Thanks for your help.


----------



## foodpump (Oct 10, 2005)

Nope, don't have a cell, still have a land line. I don't use it much, but the answering machine does come in handy as a "screening device".

I've heard tell that getting your first cell phone is about the same as converting a bull to a steer......


----------



## phatch (Mar 29, 2002)

I have both. If it were just me and my wife, we'd do cell phones only. But having kids, a land line phone is the cheapest solution on a phone only consideration. But we also use a very cheap pay as you go cell service as the phone isn't a big part of our lives.

But you also need to consider bundling issues. TV, wireless, and phone are often discounted and sold in bundles that complicate the decision. My internet is DSL and that affects my land line and bundled pricing. Or you might be part of a HOA that contracts certain services at other discounts. Lots of variables. 

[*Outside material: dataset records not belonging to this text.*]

lemma two_largest_elements:
  fixes A :: "'a::linorder set"
  assumes "finite A" "a \<in> A" "b \<in> A" "a \<noteq> b"
  obtains x y where "y < x" "{k \<in> A. y \<le> k} = {x, y}"
proof -
  define x where "x = Max A"
  define y where "y = Max (A - {x})"
  have "x \<in> A"
    unfolding x_def using assms by (intro Max_in) auto
  moreover have "A - {x} \<noteq> {}"
    using assms by auto
  then have "y \<in> A - {x}"
    unfolding y_def using assms(1) by (intro Max_in) auto
  moreover have "k \<le> x" "k \<noteq> x \<Longrightarrow> k \<le> y" if "k \<in> A" for k
    using that assms(1) by (auto simp: x_def y_def)
  ultimately have "y < x" "{k \<in> A. y \<le> k} = {x, y}"
    by (auto intro: order.antisym simp: order.strict_iff_order)
  then show thesis ..
qed

lemma finite_half_vertices: "finite (half_vertices n)"
  by (simp add: half_vertices_def)

lemma nbhd_half_U:
  "nbhd (half_vertices n) half_adj (U i) = V ` {l \<in> {1..n}. i \<le> l}"
  unfolding nbhd_def half_vertices_def by (auto elim: half_adj.elims)

lemma nbhd_half_V:
  "nbhd (half_vertices n) half_adj (V j) = U ` {l \<in> {1..n}. l \<le> j}"
  unfolding nbhd_def half_vertices_def by (auto elim: half_adj.elims)

lemma nbhd_half_U_Int:
  assumes "S \<subseteq> half_vertices n"
  shows "nbhd (half_vertices n) half_adj (U i) \<inter> S = V ` {k. V k \<in> S \<and> i \<le> k}"
  unfolding nbhd_half_U using assms by (auto simp: half_vertices_def)

lemma nbhd_half_V_Int:
  assumes "S \<subseteq> half_vertices n"
  shows "nbhd (half_vertices n) half_adj (V j) \<inter> S = U ` {k. U k \<in> S \<and> k \<le> j}"
  unfolding nbhd_half_V using assms by (auto simp: half_vertices_def)

lemma nbhd_half_U_eq_insert:
  assumes "1 \<le> i" "i \<le> n"
  shows "nbhd (half_vertices n) half_adj (U i)
           = insert (V i) (nbhd (half_vertices n) half_adj (U (Suc i)))"
  using assms by (auto simp: nbhd_half_U)

lemma half_strong_odd_coloring_inj_on_V:
  assumes "strong_odd_coloring (half_vertices n) half_adj c"
  shows "inj_on (c \<circ> V) {1..n}"
proof (rule linorder_inj_onI')
  fix i j :: nat
  assume "i \<in> {1..n}" "j \<in> {1..n}" "i < j"
  moreover have "U i \<in> half_vertices n" "U (Suc i) \<in> half_vertices n"
    using \<open>i \<in> {1..n}\<close> \<open>j \<in> {1..n}\<close> \<open>i < j\<close> by (auto simp: half_vertices_def)
  moreover have "nbhd (half_vertices n) half_adj (U i)
                   = insert (V i) (nbhd (half_vertices n) half_adj (U (Suc i)))"
    using \<open>i \<in> {1..n}\<close> by (simp add: nbhd_half_U_eq_insert)
  ultimately have "c (V j) \<noteq> c (V i)"
    by (intro strong_odd_coloring_fresh_color[OF assms, of "U i" "U (Suc i)"])
      (auto simp: nbhd_half_U)
  then show "(c \<circ> V) i \<noteq> (c \<circ> V) j"
    by simp
qed

lemma half_strong_odd_coloring_card_ge:
  assumes "strong_odd_coloring (half_vertices n) half_adj c" "1 \<le> n"
  shows "n + 1 \<le> card (c ` half_vertices n)"
proof -
  have "c (U 1) \<notin> c ` V ` {1..n}"
    using assms unfolding strong_odd_coloring_def by (force simp: half_vertices_def)
  then have "n + 1 = card (c ` insert (U 1) (V ` {1..n}))"
    using card_image[OF half_strong_odd_coloring_inj_on_V[OF assms(1)]]
    by (simp add: image_comp)
  also have "\<dots> \<le> card (c ` half_vertices n)"
    using assms(2) finite_half_vertices
    by (intro card_mono finite_imageI image_mono) (auto simp: half_vertices_def)
  finally show ?thesis .
qed

definition half_coloring :: "hvert \<Rightarrow> nat" where
  "half_coloring x = (case x of U i \<Rightarrow> i - 1 | V j \<Rightarrow> j)"

lemma half_coloring_strong_odd:
  "strong_odd_coloring (half_vertices n) half_adj half_coloring"
proof (rule strong_odd_coloringI_inj_on_nbhd)
  show "half_coloring x \<noteq> half_coloring y"
    if "x \<in> half_vertices n" "y \<in> half_vertices n" "half_adj x y" for x y
    using that by (auto simp: half_vertices_def half_coloring_def)
  show "inj_on half_coloring (nbhd (half_vertices n) half_adj v)" for v
    by (cases v) (auto simp: nbhd_half_U nbhd_half_V half_coloring_def inj_on_def)
qed

lemma half_coloring_card:
  assumes "1 \<le> n"
  shows "card (half_coloring ` half_vertices n) = n + 1"
proof -
  have "(\<lambda>i. i - 1) ` {1..n} = {0..<n}"
    by (auto simp: image_iff intro!: bexI[of _ "Suc _"])
  then have "half_coloring ` half_vertices n = {0..<n} \<union> {1..n}"
    by (simp add: half_vertices_def half_coloring_def image_Un image_image)
  also have "\<dots> = {0..n}"
    using assms by auto
  finally show ?thesis
    by simp
qed

lemma half_chi_so:
  assumes "1 \<le> n"
  shows "chi_so (half_vertices n) half_adj = n + 1"
  unfolding chi_so_def
proof (rule Least_equality)
  show "\<exists>c. strong_odd_coloring (half_vertices n) half_adj c \<and> card (c ` half_vertices n) = n + 1"
    using half_coloring_strong_odd half_coloring_card[OF assms] by blast
  show "n + 1 \<le> k"
    if "\<exists>c. strong_odd_coloring (half_vertices n) half_adj c \<and> card (c ` half_vertices n) = k" for k
    using that half_strong_odd_coloring_card_ge[OF _ assms] by blast
qed

lemma half_odd_independent_U_unique:
  assumes S: "odd_independent_set (half_vertices n) half_adj S" and "U a \<in> S" "U b \<in> S"
  shows "a = b"
proof (rule ccontr)
  assume "a \<noteq> b"
  have sub: "S \<subseteq> half_vertices n" and indep: "\<And>x y. x \<in> S \<Longrightarrow> y \<in> S \<Longrightarrow> \<not> half_adj x y"
    using S unfolding odd_independent_set_def independent_set_def by auto
  have "{k. U k \<in> S} \<subseteq> {1..n}"
    using sub by (auto simp: half_vertices_def)
  then have "finite {k. U k \<in> S}"
    by (rule finite_subset) simp
  then obtain x y where "x < y" and below_y: "{k \<in> {k. U k \<in> S}. k \<le> y} = {x, y}"
    using assms(2,3) \<open>a \<noteq> b\<close> by (auto elim: two_smallest_elements[of _ a b])
  then have "U x \<in> S" "U y \<in> S"
    by auto
  then have "V y \<in> half_vertices n - S"
    using sub indep[of "U y" "V y"] by (auto simp: half_vertices_def)
  moreover have "nbhd (half_vertices n) half_adj (V y) \<inter> S = {U x, U y}"
    using below_y by (simp add: nbhd_half_V_Int[OF sub])
  ultimately show False
    using odd_independent_set_nbhd_not_pair[OF S, of "V y" "U x" "U y"] \<open>x < y\<close> by simp
qed

lemma half_odd_independent_V_unique:
  assumes S: "odd_independent_set (half_vertices n) half_adj S" and "V a \<in> S" "V b \<in> S"
  shows "a = b"
proof (rule ccontr)
  assume "a \<noteq> b"
  have sub: "S \<subseteq> half_vertices n" and indep: "\<And>x y. x \<in> S \<Longrightarrow> y \<in> S \<Longrightarrow> \<not> half_adj x y"
    using S unfolding odd_independent_set_def independent_set_def by auto
  have "{k. V k \<in> S} \<subseteq> {1..n}"
    using sub by (auto simp: half_vertices_def)
  then have "finite {k. V k \<in> S}"
    by (rule finite_subset) simp
  then obtain x y where "y < x" and above_y: "{k \<in> {k. V k \<in> S}. y \<le> k} = {x, y}"
    using assms(2,3) \<open>a \<noteq> b\<close> by (auto elim: two_largest_elements[of _ a b])
  then have "V x \<in> S" "V y \<in> S"
    by auto
  then have "U y \<in> half_vertices n - S"
    using sub indep[of "U y" "V y"] by (auto simp: half_vertices_def)
  moreover have "nbhd (half_vertices n) half_adj (U y) \<inter> S = {V x, V y}"
    using above_y by (simp add: nbhd_half_U_Int[OF sub])
  ultimately show False
    using odd_independent_set_nbhd_not_pair[OF S, of "U y" "V x" "V y"] \<open>y < x\<close> by simp
qed
(* Let $\mathcal{X},\mathcal{Y},\mathcal{Z}$ be sets, let $\mathcal{G}$ be a measurable space of maps $g:\mathcal{X}\to\mathcal{Z}$ (representations), let $\mathcal{H}$ be a set of maps $h:\mathcal{Z}\to\mathbb{R}$, and let $\ell$ be a real-valued loss function. Fix $T$ tasks with arbitrary datasets $\mathcal{S}_t=((x_{t,1},y_{t,1}),\dots,(x_{t,m_t},y_{t,m_t}))$, $t=1,\dots,T$, and run the EWA-LL algorithm (described in the context) with a prior $\pi_1$ on $\mathcal{G}$ and a parameter $\eta>0$. Assume that for every $t$ and every $g\in\mathcal{G}$, $\hat{L}_t(g)\in[0,C]$ and the within-task algorithm satisfies $\mathcal{R}_t(g)\le \beta(g,m_t)$. Then $$\frac{1}{T}\sum_{t=1}^T \mathbb{E}_{\hat g_t\sim\pi_t}\Big[\frac{1}{m_t}\sum_{i=1}^{m_t}\hat\ell_{t,i}\Big]\le \inf_{\rho}\Bigg\{\mathbb{E}_{g\sim\rho}\Bigg[\frac{1}{T}\sum_{t=1}^T\inf_{h_t\in\mathcal{H}}\frac{1}{m_t}\sum_{i=1}^{m_t}\ell\big(h_t\circ g(x_{t,i}),y_{t,i}\big)+\frac{1}{T}\sum_{t=1}^T\beta(g,m_t)\Bigg]+\frac{\eta C^2}{8}+\frac{\mathcal{K}(\rho,\pi_1)}{\eta T}\Bigg\},$$ where the infimum is over all probability measures $\rho$ on $\mathcal{G}$ and $\mathcal{K}(\rho,\pi_1)$ is the Kullback–Leibler divergence between $\rho$ and $\pi_1$.
   Context: Within-task algorithm: for each task $t$ and each representation $g\in\mathcal{G}$, an online algorithm processes the points of $\mathcal{S}_t$ sequentially: at step $i$ it sees $x_{t,i}$, outputs a prediction $\hat y^g_{t,i}$ (depending only on $g$, $x_{t,1},\dots,x_{t,i}$, $y_{t,1},\dots,y_{t,i-1}$), then $y_{t,i}$ is revealed. Its average loss is $\hat{L}_t(g)=\frac{1}{m_t}\sum_{i=1}^{m_t}\ell(\hat y^g_{t,i},y_{t,i})$ (assumed measurable in $g$), and its within-task regret is $\mathcal{R}_t(g)=\hat{L}_t(g)-\inf_{h\in\mathcal{H}}\frac{1}{m_t}\sum_{i=1}^{m_t}\ell(h\circ g(x_{t,i}),y_{t,i})$. EWA-LL: given a probability measure $\pi_1$ on $\mathcal{G}$ and $\eta>0$, for $t=1,\dots,T$: (i) draw $\hat g_t\sim\pi_t$; (ii) run the within-task algorithm on $\mathcal{S}_t$ with representation $\hat g_t$, incurring losses $\hat\ell_{t,i}=\ell(\hat y^{\hat g_t}_{t,i},y_{t,i})$; (iii) set $\pi_{t+1}(\mathrm{d}g)=\exp(-\eta\hat L_t(g))\pi_t(\mathrm{d}g)/\int\exp(-\eta\hat L_t(\gamma))\pi_t(\mathrm{d}\gamma)$. The expectation $\mathbb{E}_{\hat g_t\sim\pi_t}$ is over the random draw of $\hat g_t$ at step (i). *)

theory Defs
  imports "HOL-Probability.Probability"
begin

text \<open>A within-task online algorithm A: given representation g, the past examples
  (first i pairs) and the current input x_i, it outputs a real prediction.\<close>

definition within_loss ::
  "(real \<Rightarrow> 'y \<Rightarrow> real) \<Rightarrow> (('x \<Rightarrow> 'z) \<Rightarrow> ('x \<times> 'y) list \<Rightarrow> 'x \<Rightarrow> real)
   \<Rightarrow> ('x \<Rightarrow> 'z) \<Rightarrow> ('x \<times> 'y) list \<Rightarrow> real" where
  "within_loss loss A g S =
     (\<Sum>i<length S. loss (A g (take i S) (fst (S ! i))) (snd (S ! i))) / real (length S)"

text \<open>inf over h in H of the empirical loss of h o g (extended real: +infinity if H is empty).\<close>
definition best_in_class ::
  "(real \<Rightarrow> 'y \<Rightarrow> real) \<Rightarrow> ('z \<Rightarrow> real) set \<Rightarrow> ('x \<Rightarrow> 'z) \<Rightarrow> ('x \<times> 'y) list \<Rightarrow> ereal" where
  "best_in_class loss H g S =
     (INF h\<in>H. ereal ((\<Sum>i<length S. loss (h (g (fst (S ! i)))) (snd (S ! i))) / real (length S)))"

definition within_regret ::
  "(real \<Rightarrow> 'y \<Rightarrow> real) \<Rightarrow> (('x \<Rightarrow> 'z) \<Rightarrow> ('x \<times> 'y) list \<Rightarrow> 'x \<Rightarrow> real)
   \<Rightarrow> ('z \<Rightarrow> real) set \<Rightarrow> ('x \<Rightarrow> 'z) \<Rightarrow> ('x \<times> 'y) list \<Rightarrow> ereal" where
  "within_regret loss A H g S = ereal (within_loss loss A g S) - best_in_class loss H g S"

text \<open>EWA-LL posteriors: ewa_post pi1 eta L t is pi_{t+1} (tasks indexed from 0),
  where L t g is the average within-task loss on task t with representation g.\<close>
fun ewa_post :: "'g measure \<Rightarrow> real \<Rightarrow> (nat \<Rightarrow> 'g \<Rightarrow> real) \<Rightarrow> nat \<Rightarrow> 'g measure" where
  "ewa_post \<pi> \<eta> L 0 = \<pi>"
| "ewa_post \<pi> \<eta> L (Suc t) =
     density (ewa_post \<pi> \<eta> L t)
       (\<lambda>g. ennreal (exp (- \<eta> * L t g) /
                      (\<integral>\<gamma>. exp (- \<eta> * L t \<gamma>) \<partial>(ewa_post \<pi> \<eta> L t))))"

definition KL_div :: "'a measure \<Rightarrow> 'a measure \<Rightarrow> ennreal" where
  "KL_div \<rho> \<pi> =
     (if absolutely_continuous \<pi> \<rho> \<and> integrable \<rho> (entropy_density (exp 1) \<pi> \<rho>)
      then ennreal (KL_divergence (exp 1) \<pi> \<rho>) else \<infinity>)"

end

theory Submission
  imports Defs
begin

(*
  EWA-LL is the exponentially weighted average forecaster run on the task-level losses
  L_t(g). Its posterior pi_(t+1) is the Gibbs measure with density exp (- eta * sum_(s<=t) L_s) / Z
  relative to pi_1, so the normalising constants Z_t telescope: by Hoeffding's lemma each ratio
  Z_(t+1) / Z_t is at most exp (- eta * E_(pi_t) L_t + eta^2 C^2 / 8). The Donsker-Varadhan
  inequality bounds ln Z_T from below by - eta * E_rho (sum_t L_t) - KL(rho, pi_1) for every rho.
  Comparing the two bounds and using L_t(g) <= inf_h (empirical loss of h o g) + beta(g, m_t)
  gives the theorem.
*)

lemma (in prob_space) integral_pos:
  fixes f :: "'a \<Rightarrow> real"
  assumes f: "integrable M f" and pos: "\<And>x. x \<in> space M \<Longrightarrow> 0 < f x"
  shows "0 < integral\<^sup>L M f"
proof -
  have nonneg: "AE x in M. 0 \<le> f x" using pos by (auto intro!: AE_I2 less_imp_le)
  have "integral\<^sup>L M f \<noteq> 0"
  proof
    assume "integral\<^sup>L M f = 0"
    then have "AE x in M. f x = 0" using integral_nonneg_eq_0_iff_AE[OF f nonneg] by simp
    then have "AE x in M. False" using AE_space by eventually_elim (use pos in fastforce)
    then show False by simp
  qed
  moreover have "0 \<le> integral\<^sup>L M f" using nonneg by (rule integral_nonneg_AE)
  ultimately show ?thesis by simp
qed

Also consider what service has the best coverage for where you live and where go. There are a ton of dead zones in my state and my particular neighborhood has crappy cell service (and over the air TV reception).

Land-lines with a cord are the most reliable phone. They work in power outages when cordless phones won't. Cell phones might work depending if you're in range of a tower that has power. 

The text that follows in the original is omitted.